**Your instructions:**
Your task is to copy every line of the entries that holds the word "Longrightarrow".

Items from a dataset:

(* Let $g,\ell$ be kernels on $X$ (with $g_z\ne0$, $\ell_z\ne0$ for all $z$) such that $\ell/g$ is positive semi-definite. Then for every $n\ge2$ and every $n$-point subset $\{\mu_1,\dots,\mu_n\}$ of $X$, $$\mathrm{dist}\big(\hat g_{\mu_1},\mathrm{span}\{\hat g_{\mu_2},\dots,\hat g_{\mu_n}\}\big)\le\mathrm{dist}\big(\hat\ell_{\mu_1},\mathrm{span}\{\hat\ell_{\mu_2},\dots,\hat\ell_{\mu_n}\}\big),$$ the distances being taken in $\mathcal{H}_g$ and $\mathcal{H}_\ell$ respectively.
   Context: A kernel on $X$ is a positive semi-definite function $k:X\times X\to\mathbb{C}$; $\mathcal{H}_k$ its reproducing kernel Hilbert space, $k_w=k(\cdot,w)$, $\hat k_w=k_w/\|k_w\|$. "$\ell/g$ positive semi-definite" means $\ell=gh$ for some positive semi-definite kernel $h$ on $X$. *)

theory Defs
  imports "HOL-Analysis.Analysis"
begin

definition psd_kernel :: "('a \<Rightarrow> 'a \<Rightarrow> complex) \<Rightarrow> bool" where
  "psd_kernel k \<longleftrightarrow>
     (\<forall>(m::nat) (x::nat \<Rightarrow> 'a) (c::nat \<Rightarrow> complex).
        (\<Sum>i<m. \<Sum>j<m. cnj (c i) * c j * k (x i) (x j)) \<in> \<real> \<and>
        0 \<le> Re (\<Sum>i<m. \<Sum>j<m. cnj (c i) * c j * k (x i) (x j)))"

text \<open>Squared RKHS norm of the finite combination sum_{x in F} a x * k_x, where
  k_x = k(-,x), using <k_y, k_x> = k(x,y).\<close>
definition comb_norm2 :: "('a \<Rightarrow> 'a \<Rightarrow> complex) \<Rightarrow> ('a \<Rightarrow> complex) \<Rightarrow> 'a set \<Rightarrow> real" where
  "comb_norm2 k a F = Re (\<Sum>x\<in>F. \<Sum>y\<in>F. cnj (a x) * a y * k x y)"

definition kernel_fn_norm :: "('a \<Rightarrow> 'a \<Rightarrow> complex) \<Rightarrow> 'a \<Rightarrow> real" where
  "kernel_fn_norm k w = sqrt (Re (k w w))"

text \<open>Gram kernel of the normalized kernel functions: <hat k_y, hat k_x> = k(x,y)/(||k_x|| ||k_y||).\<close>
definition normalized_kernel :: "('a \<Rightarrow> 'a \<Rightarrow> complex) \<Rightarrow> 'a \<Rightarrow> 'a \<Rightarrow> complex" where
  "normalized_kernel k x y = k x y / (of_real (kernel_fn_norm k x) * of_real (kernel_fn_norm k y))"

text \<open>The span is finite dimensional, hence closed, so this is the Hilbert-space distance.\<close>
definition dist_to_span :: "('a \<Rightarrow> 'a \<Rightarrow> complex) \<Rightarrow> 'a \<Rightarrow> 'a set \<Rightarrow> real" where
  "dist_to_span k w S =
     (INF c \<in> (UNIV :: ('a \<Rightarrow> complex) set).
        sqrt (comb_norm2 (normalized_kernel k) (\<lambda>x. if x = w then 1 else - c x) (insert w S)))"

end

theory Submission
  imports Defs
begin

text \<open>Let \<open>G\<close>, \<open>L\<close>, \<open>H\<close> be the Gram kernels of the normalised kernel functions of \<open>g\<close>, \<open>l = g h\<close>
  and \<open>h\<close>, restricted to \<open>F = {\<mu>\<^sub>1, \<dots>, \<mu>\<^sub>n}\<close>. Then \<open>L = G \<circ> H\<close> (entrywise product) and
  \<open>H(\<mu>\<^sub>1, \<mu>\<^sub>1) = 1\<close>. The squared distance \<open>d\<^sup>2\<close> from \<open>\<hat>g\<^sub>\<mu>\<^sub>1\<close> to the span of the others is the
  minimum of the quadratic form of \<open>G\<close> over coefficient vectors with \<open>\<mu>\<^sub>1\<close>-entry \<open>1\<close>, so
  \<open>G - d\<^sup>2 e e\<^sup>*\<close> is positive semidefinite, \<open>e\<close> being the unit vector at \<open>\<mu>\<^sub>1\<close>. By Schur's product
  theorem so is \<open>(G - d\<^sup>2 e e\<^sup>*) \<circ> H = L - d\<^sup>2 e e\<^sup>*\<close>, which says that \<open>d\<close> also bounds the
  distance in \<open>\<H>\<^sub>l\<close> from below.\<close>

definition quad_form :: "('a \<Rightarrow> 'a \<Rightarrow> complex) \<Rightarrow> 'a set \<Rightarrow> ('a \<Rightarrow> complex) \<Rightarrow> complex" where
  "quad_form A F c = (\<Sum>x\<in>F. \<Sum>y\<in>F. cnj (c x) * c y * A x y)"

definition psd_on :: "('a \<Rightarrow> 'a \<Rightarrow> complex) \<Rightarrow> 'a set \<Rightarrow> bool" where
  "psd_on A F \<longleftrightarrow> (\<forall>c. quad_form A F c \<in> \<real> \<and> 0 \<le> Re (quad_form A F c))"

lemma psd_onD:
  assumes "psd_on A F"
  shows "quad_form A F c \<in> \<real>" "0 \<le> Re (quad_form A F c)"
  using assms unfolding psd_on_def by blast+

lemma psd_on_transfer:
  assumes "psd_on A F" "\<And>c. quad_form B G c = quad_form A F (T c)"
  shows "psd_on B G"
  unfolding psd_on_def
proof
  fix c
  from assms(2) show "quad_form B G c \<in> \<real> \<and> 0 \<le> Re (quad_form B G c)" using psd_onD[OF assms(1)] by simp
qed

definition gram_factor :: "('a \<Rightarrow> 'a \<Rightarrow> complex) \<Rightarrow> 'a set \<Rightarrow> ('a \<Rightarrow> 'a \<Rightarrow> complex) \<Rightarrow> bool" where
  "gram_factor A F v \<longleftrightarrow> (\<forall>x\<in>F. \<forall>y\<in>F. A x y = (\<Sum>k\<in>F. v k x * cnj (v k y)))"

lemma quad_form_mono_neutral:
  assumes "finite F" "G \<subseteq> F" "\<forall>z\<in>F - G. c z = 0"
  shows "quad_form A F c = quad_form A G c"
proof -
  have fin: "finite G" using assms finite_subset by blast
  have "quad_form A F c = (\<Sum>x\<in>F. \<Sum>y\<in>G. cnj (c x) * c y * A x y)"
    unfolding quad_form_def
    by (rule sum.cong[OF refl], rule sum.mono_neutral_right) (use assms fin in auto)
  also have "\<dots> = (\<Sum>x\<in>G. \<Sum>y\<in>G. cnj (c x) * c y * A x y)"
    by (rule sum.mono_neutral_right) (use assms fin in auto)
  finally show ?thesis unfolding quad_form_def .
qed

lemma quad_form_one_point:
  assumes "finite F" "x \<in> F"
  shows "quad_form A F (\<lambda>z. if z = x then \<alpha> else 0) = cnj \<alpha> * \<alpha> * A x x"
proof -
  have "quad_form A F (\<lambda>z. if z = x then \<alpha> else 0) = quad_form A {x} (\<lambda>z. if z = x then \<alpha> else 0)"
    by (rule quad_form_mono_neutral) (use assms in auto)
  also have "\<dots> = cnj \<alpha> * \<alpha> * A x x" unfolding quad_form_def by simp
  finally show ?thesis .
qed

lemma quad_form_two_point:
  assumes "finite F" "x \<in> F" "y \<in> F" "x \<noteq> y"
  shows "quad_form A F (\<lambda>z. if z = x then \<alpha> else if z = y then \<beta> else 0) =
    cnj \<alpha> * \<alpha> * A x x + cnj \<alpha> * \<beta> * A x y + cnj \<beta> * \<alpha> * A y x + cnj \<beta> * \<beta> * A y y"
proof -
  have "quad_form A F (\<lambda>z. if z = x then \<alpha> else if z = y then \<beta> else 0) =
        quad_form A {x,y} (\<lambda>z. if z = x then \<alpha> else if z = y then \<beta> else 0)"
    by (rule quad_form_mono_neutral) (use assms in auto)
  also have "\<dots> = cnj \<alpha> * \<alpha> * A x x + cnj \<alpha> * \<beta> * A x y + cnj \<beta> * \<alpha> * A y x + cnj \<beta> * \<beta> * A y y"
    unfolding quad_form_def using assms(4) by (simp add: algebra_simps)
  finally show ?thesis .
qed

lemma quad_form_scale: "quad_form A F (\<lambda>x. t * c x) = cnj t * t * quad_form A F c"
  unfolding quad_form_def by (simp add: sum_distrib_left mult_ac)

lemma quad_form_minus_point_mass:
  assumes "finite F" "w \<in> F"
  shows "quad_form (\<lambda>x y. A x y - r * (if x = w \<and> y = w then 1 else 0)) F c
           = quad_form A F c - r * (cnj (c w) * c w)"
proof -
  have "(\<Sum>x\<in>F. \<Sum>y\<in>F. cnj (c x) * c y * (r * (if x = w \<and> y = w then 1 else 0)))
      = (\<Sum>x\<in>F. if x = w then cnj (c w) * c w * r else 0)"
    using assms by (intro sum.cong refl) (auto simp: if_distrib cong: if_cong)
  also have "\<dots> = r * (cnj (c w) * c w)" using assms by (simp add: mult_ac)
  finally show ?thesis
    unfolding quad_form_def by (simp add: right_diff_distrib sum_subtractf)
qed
* * *
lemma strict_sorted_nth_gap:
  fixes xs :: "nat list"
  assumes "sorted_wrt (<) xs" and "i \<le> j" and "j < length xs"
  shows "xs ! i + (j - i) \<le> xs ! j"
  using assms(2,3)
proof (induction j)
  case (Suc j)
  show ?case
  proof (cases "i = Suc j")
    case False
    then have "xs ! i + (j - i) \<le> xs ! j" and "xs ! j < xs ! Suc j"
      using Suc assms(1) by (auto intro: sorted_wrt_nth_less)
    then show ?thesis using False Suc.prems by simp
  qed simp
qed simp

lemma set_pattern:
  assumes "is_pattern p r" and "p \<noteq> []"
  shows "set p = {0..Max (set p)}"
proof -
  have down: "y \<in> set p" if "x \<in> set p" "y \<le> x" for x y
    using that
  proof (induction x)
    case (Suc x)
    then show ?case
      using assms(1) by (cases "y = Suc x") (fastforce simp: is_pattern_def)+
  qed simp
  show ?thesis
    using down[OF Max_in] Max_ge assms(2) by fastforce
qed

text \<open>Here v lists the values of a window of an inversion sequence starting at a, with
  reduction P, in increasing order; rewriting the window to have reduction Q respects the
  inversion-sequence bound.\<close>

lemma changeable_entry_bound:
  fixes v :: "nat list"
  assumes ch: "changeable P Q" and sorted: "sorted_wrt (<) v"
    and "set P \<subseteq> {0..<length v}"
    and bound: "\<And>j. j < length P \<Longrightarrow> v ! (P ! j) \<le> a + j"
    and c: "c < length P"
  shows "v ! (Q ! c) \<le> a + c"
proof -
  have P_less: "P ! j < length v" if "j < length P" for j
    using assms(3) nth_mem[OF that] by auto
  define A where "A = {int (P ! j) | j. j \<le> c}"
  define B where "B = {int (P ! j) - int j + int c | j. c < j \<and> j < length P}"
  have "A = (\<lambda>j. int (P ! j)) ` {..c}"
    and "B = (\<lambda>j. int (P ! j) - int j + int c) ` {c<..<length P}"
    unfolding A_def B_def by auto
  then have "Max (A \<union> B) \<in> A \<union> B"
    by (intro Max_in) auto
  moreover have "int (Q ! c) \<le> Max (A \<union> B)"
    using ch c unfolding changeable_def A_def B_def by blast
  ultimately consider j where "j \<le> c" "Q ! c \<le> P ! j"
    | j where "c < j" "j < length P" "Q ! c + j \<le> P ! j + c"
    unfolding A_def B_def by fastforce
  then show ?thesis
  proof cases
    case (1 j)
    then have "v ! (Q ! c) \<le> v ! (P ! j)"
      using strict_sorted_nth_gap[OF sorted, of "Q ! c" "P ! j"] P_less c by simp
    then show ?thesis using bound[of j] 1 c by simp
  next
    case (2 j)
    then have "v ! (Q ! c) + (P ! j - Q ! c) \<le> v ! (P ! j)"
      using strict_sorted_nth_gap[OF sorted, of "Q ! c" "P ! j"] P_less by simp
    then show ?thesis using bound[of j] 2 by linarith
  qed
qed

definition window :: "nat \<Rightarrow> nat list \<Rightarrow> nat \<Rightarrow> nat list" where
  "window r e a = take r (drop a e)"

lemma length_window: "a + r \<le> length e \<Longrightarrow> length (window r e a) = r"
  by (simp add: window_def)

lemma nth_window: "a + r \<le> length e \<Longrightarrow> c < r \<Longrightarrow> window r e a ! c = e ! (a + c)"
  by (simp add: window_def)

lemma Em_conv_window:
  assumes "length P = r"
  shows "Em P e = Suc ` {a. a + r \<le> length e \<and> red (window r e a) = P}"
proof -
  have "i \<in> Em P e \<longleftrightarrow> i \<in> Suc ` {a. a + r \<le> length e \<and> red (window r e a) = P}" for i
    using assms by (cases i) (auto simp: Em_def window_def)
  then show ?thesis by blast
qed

**Reply:**
    and bound: "\<And>j. j < length P \<Longrightarrow> v ! (P ! j) \<le> a + j"
lemma length_window: "a + r \<le> length e \<Longrightarrow> length (window r e a) = r"
lemma nth_window: "a + r \<le> length e \<Longrightarrow> c < r \<Longrightarrow> window r e a ! c = e ! (a + c)"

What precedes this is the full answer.